How Night Shift Runs 300+ Tasks Autonomously — Architecture Deep Dive
Night Shift is an autonomous AI development system that executes 62 tasks per day with constitutional merge gates, adaptive task selection, and evolutionary optimization. Over 25 days of continuous operation, it has completed 443 tasks across 23 modules at a total cost of $28. This is the architecture that makes it work.
Most autonomous AI demos run for a few minutes and produce a single output. Night Shift runs 24/7, selecting its own tasks from a backlog, routing them to the right model, assessing quality, and deciding whether to merge results into the codebase — all without human intervention. The system has produced 1,721 tests, contributed to 23 modules, and maintained an average quality score above 7.0/10 after calibration fixes.
1. Architecture Overview
Night Shift operates as a continuous dispatch loop running on a Hetzner dedicated server.

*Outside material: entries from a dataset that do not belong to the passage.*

(* Let $D$, $i$, $j$, $s$ be integers with $0\le i<j\le D$ and $s\ge1$, and let $D-j=i_s<i_{s-1}<\dots<i_0=D-i$ be integers. Then \[\prod_{r=0}^{s-1}c_{i_r,-i_{r+1}}\le\max(T_1,T_2,T_2',T_3,T_3',T_4),\] where (with $0^0=1$) \begin{align*} T_1&=(1728-e^{2\pi})^{j-i}s^{j-i}\frac{(D-i)^{D-i}}{(D-j)^{D-j}(j-i)^{j-i}},& T_2&=2981^{D-i}\,1.25^{D-j},& T_2'&=(2393s)^{D-i}\,1.45^{j-i},\\ T_3&=(2386s)^{D-i}\,2924^{-(D-j)},& T_3'&=5849^{D-i}\,2924^{-(D-j)},& T_4&=1728^{D-i}e^{-2\pi(D-j)}. \end{align*} Moreover, if $D-j>c(D-i)$ then the product is at most $T_1$. In particular, with $\mathcal A=5849$ and $\mathcal B=1.5$, \[\prod_{r=0}^{s-1}c_{i_r,-i_{r+1}}\le\max\big(T_1,(\mathcal As)^{D-i}\mathcal B^{D-j}\big).\]
   Context: $q=e^{2\pi iz}$, $j$ is the modular $j$-invariant, and for $r\ge1$ the integers $c_{r,n}$ are defined by $j^r=\sum_{n\ge-r}c_{r,n}q^n$. Let $c=e^{2\pi}/1728$. *)

theory Defs
  imports "HOL-Analysis.Analysis" "HOL-Computational_Algebra.Formal_Power_Series"
begin

text \<open>The q-expansion of the modular j-invariant, j = E4^3 / Delta, as formal series.
  E4 = 1 + 240 sum sigma_3(n) q^n,  Delta = q * prod_{n>=1} (1 - q^n)^24.\<close>

definition E4_fps :: "real fps" where
  "E4_fps = Abs_fps (\<lambda>n. if n = 0 then 1 else 240 * (\<Sum>d\<in>{d. d dvd n}. real d ^ 3))"

text \<open>The formal infinite product prod_{n>=1} (1 - q^n)^24: its k-th coefficient
  agrees with that of the finite product over n = 1..k.\<close>
definition eta24_fps :: "real fps" where
  "eta24_fps = Abs_fps (\<lambda>k. fps_nth ((\<Prod>n\<in>{1..k}. (1 - fps_X ^ n)) ^ 24) k)"

definition qj_fps :: "real fps" where
  "qj_fps = E4_fps ^ 3 * inverse eta24_fps"

text \<open>jcoeff r n = c_{r,n}, the coefficient of q^n in j^r = q^{-r} (q j)^r.\<close>
definition jcoeff :: "nat \<Rightarrow> int \<Rightarrow> real" where
  "jcoeff r n = (if n + int r < 0 then 0 else fps_nth (qj_fps ^ r) (nat (n + int r)))"

definition cconst :: real where
  "cconst = exp (2 * pi) / 1728"

definition T1 :: "int \<Rightarrow> int \<Rightarrow> int \<Rightarrow> nat \<Rightarrow> real" where
  "T1 D i j s = (1728 - exp (2 * pi)) ^ nat (j - i) * real s ^ nat (j - i)
     * real_of_int (D - i) ^ nat (D - i)
     / (real_of_int (D - j) ^ nat (D - j) * real_of_int (j - i) ^ nat (j - i))"

definition T2 :: "int \<Rightarrow> int \<Rightarrow> int \<Rightarrow> nat \<Rightarrow> real" where
  "T2 D i j s = 2981 ^ nat (D - i) * 1.25 ^ nat (D - j)"

definition T2' :: "int \<Rightarrow> int \<Rightarrow> int \<Rightarrow> nat \<Rightarrow> real" where
  "T2' D i j s = (2393 * real s) ^ nat (D - i) * 1.45 ^ nat (j - i)"

definition T3 :: "int \<Rightarrow> int \<Rightarrow> int \<Rightarrow> nat \<Rightarrow> real" where
  "T3 D i j s = (2386 * real s) ^ nat (D - i) / 2924 ^ nat (D - j)"

definition T3' :: "int \<Rightarrow> int \<Rightarrow> int \<Rightarrow> nat \<Rightarrow> real" where
  "T3' D i j s = 5849 ^ nat (D - i) / 2924 ^ nat (D - j)"

definition T4 :: "int \<Rightarrow> int \<Rightarrow> int \<Rightarrow> nat \<Rightarrow> real" where
  "T4 D i j s = 1728 ^ nat (D - i) * exp (- 2 * pi * real_of_int (D - j))"

end

theory Submission
  imports Defs
begin

text \<open>
  The series q j = E4^3 / prod (1 - q^n)^24 has nonnegative coefficients, so the coefficients of
  its powers obey Cauchy's estimate [q^d] (q j)^R \<le> G(y)^R / y^d for 0 < y < 1/16, where
  G(y) = (1 + 240 y / (1 - 16 y))^3 ((1 - y) / (1 - 2 y))^24 majorises the truncations of q j.
  As q j has constant term 1, these truncations also lie below their chords on [0, x]. Choosing y
  gives [q^d] (q j)^R \<le> (3300 R / d)^d in general, and
  [q^d] (q j)^(m+d) \<le> K^d (m+d)^(m+d) / (m^m d^d) with K = 1728 - e^(2 pi) when
  d / (m+d) < K / 1728: at the optimal y = d / (K m) if this is at most 1/800, and otherwise at
  y = 1/800, where the loss is the relative entropy of the binomial weight, bounded by its
  chi-square distance.

  c_(i_r, -i_(r+1)) is the coefficient of q^(i_r - i_(r+1)) in (q j)^(i_r). Multiplying along the
  chain, the factors i_r^(i_r) / i_(r+1)^(i_(r+1)) telescope, and by convexity of x log x the
  increments d_r, which sum to j - i, satisfy prod d_r^(d_r) \<ge> ((j - i) / s)^(j - i). This
  gives T2' for every chain, which implies the other two bounds, and T1 when D - j > c (D - i).
\<close>

section \<open>Truncated evaluation of power series with nonnegative coefficients\<close>

definition fps_nonneg :: "'a::{zero,ord} fps \<Rightarrow> bool" where
  "fps_nonneg F \<longleftrightarrow> (\<forall>n. 0 \<le> fps_nth F n)"

definition fps_eval_upto :: "nat \<Rightarrow> 'a::comm_semiring_1 fps \<Rightarrow> 'a \<Rightarrow> 'a" where
  "fps_eval_upto N F x = (\<Sum>n\<le>N. fps_nth F n * x ^ n)"

lemma fps_nonneg_mult:
  fixes F G :: "'a::linordered_idom fps"
  shows "fps_nonneg F \<Longrightarrow> fps_nonneg G \<Longrightarrow> fps_nonneg (F * G)"
  unfolding fps_nonneg_def fps_mult_nth by (auto intro!: sum_nonneg)

lemma fps_nonneg_power:
  fixes F :: "'a::linordered_idom fps"
  shows "fps_nonneg F \<Longrightarrow> fps_nonneg (F ^ k)"
  by (induction k) (auto simp: fps_nonneg_mult, simp add: fps_nonneg_def)

lemma fps_nonneg_prod:
  fixes F :: "'i \<Rightarrow> 'a::linordered_idom fps"
  shows "(\<And>n. n \<in> A \<Longrightarrow> fps_nonneg (F n)) \<Longrightarrow> fps_nonneg (\<Prod>n\<in>A. F n)"
  by (induction A rule: infinite_finite_induct)
     (auto simp: fps_nonneg_mult, auto simp: fps_nonneg_def)

lemma fps_eval_upto_nonneg:
  fixes F :: "'a::linordered_idom fps"
  shows "fps_nonneg F \<Longrightarrow> 0 \<le> x \<Longrightarrow> 0 \<le> fps_eval_upto N F x"
  unfolding fps_eval_upto_def fps_nonneg_def by (auto intro!: sum_nonneg)

lemma fps_eval_upto_one [simp]: "fps_eval_upto N 1 x = 1"
  unfolding fps_eval_upto_def by (simp add: sum.atMost_shift)

lemma fps_eval_upto_add: "fps_eval_upto N (F + G) x = fps_eval_upto N F x + fps_eval_upto N G x"
  unfolding fps_eval_upto_def by (simp add: distrib_right sum.distrib)

lemma fps_eval_upto_X_power_le:
  fixes x :: "'a::linordered_idom"
  assumes "0 \<le> x"
  shows "fps_eval_upto N (fps_X ^ n) x \<le> x ^ n"
proof -
  have "fps_eval_upto N (fps_X ^ n) x = (\<Sum>k\<le>N. if k = n then x ^ n else 0)"
    unfolding fps_eval_upto_def by (intro sum.cong) auto
  then show ?thesis using assms by (simp add: sum.delta)
qed

lemma fps_eval_upto_cutoff_cong:
  "fps_cutoff (Suc N) F = fps_cutoff (Suc N) G \<Longrightarrow> fps_eval_upto N F x = fps_eval_upto N G x"
  unfolding fps_eval_upto_def fps_cutoff_eq_fps_cutoff_iff by (intro sum.cong) auto

lemma fps_eval_upto_mult_le:
  fixes F G :: "'a::linordered_idom fps"
  assumes F: "fps_nonneg F" and G: "fps_nonneg G" and x: "0 \<le> x"
  shows "fps_eval_upto N (F * G) x \<le> fps_eval_upto N F x * fps_eval_upto N G x"
proof -
  let ?f = "\<lambda>i. fps_nth F i * x ^ i" and ?g = "\<lambda>j. fps_nth G j * x ^ j"
  have "fps_eval_upto N (F * G) x = (\<Sum>k\<le>N. \<Sum>i\<le>k. ?f i * ?g (k - i))"
    unfolding fps_eval_upto_def fps_mult_nth atLeast0AtMost sum_distrib_right
    by (intro sum.cong refl) (simp add: mult_ac power_add[symmetric])
  also have "\<dots> = (\<Sum>(i, j)\<in>{(i, j). i + j \<le> N}. ?f i * ?g j)"
    by (rule sum.triangle_reindex_eq[symmetric])
  also have "\<dots> \<le> (\<Sum>(i, j)\<in>{..N} \<times> {..N}. ?f i * ?g j)"
    using F G x unfolding fps_nonneg_def by (intro sum_mono2) auto
  also have "\<dots> = fps_eval_upto N F x * fps_eval_upto N G x"
    unfolding fps_eval_upto_def by (simp add: sum_product sum.cartesian_product)
  finally show ?thesis .
qed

The architecture has four layers:
- Dispatcher: The core loop that runs every hour, selects the highest-priority task, routes it to a model, and processes the output
- Budget Governor: Enforces weekly token limits (3.5M tokens/week) and per-category spending caps (30% max per category)

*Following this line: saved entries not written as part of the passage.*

(* Let $N$ and $L$ be integers with $1\le L\le N-1$ and let $\hat\alpha>0$. Let $z,y$ be independent random variables with $z\sim\mathrm{Gamma}(N-L,1)$ and $y\sim\mathrm{Gamma}(L,1)$, and set $X=\hat\alpha z/y$. Then $$\mathbb{E}\left[\ln(1+X)\right]=\sum_{i=0}^{N-L-1}\binom{L+i-1}{i}\hat{\alpha}^L\,I_2(\hat{\alpha},i,L+i).$$
   Context: $\mathrm{Gamma}(n,1)$ denotes the distribution with density $t^{n-1}e^{-t}/(n-1)!$ on $t>0$ (its CDF is $1-e^{-t}\sum_{i=0}^{n-1}t^i/i!$). For $a>0$ and nonnegative integers $m,n$ with $n\ge m+1$, define $$I_2(a,m,n)=\int_0^\infty\frac{x^m}{(x+a)^n(x+1)}\,dx.$$ *)

theory Defs
  imports "HOL-Probability.Probability"
begin

definition I2 :: "real \<Rightarrow> nat \<Rightarrow> nat \<Rightarrow> real" where
  "I2 a m n = (LBINT x:{0<..}. x ^ m / ((x + a) ^ n * (x + 1)))"

end

theory Submission
  imports Defs
begin

(*
  Write X = \<alpha> z / y with z ~ Gamma(k+1,1), y ~ Gamma(l+1,1) independent, so k = N-L-1, L = l+1.
  The proof has three ingredients.

  (1) Layer cake for ln(1+x): since ln(1+x) = \<integral>_0^x dt/(1+t), Tonelli gives
        E[ln(1+X)] = \<integral>_0^\<infinity> P(X > t) / (1+t) dt   for X \<ge> 0.
  (2) Negative-binomial tail: conditioning on y and using the Poisson form of the Erlang tail,
        P(z > s y) = \<Sum>_{i\<le>k} C(l+i,i) s^i / (1+s)^(l+1+i)    for s \<ge> 0,
      because the product of the Gamma(l+1) density with a Poisson weight is a multiple
      of a Gamma(l+i+1, 1+s) density.
  (3) For t > 0, P(X > t) = P(z > (t/\<alpha>) y), and each summand divided by 1+t equals
      C(l+i,i) \<alpha>^L t^i / ((t+\<alpha>)^(L+i) (t+1)), whose integral over (0,\<infinity>) is I_2(\<alpha>,i,L+i).
  All integrals are computed as nonnegative (ennreal) integrals; the expectation is recovered
  at the end since ln(1+X) \<ge> 0 almost surely.
*)

section \<open>The layer-cake formula for ln(1+X)\<close>

lemma ln_1p_eq_nn_integral:
  fixes x :: real assumes x: "0 \<le> x"
  shows "(\<integral>\<^sup>+t. ennreal (1/(1+t)) * indicator {0<..<x} t \<partial>lborel) = ennreal (ln (1+x))"
proof -
  have "(\<integral>\<^sup>+t. ennreal (1/(1+t)) * indicator {0<..<x} t \<partial>lborel)
      = (\<integral>\<^sup>+t. ennreal (1/(1+t)) * indicator {0..x} t \<partial>lborel)"
  proof (rule nn_integral_cong_AE)
    have "AE t in lborel. t \<noteq> 0 \<and> t \<noteq> x"
      by (intro AE_conjI AE_lborel_singleton)
    then show "AE t in lborel. ennreal (1/(1+t)) * indicator {0<..<x} t = ennreal (1/(1+t)) * indicator {0..x} t"
      by (rule eventually_mono) (auto simp: indicator_def)
  qed
  also have "\<dots> = ln (1+x) - ln (1+0)"
    using x by (intro nn_integral_FTC_Icc) (auto intro!: derivative_eq_intros)
  finally show ?thesis by simp
qed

- Quality Assessor: Hybrid scorer combining heuristic analysis (40%) with LLM-as-Judge evaluation (60%) using calibration anchors
- Evolution Engine: Tracks genome mutations, fitness scores, and adaptive task allocation across 7 categories
Why Hourly Cycles?
Early versions used 4-hour dispatch cycles, resulting in only 6 tasks/day and 0.3% GPU utilization. Switching to hourly dispatch increased throughput to 62 tasks/day and GPU utilization to 11.3%. The key constraint is not compute — it’s API rate limits and budget. Hourly cycles hit the sweet spot between throughput and cost control.
The Dispatch Loop
Each hourly cycle follows a fixed sequence:
1. CHECK budget → Abort if weekly quota exhausted
2. SELECT task → Priority score = urgency × fitness × category_weight
3. ROUTE model → Match task complexity to model capability
4. EXECUTE → Build prompt, call API, collect output
5. ASSESS quality → Heuristic (40%) + LLM-as-Judge (60%)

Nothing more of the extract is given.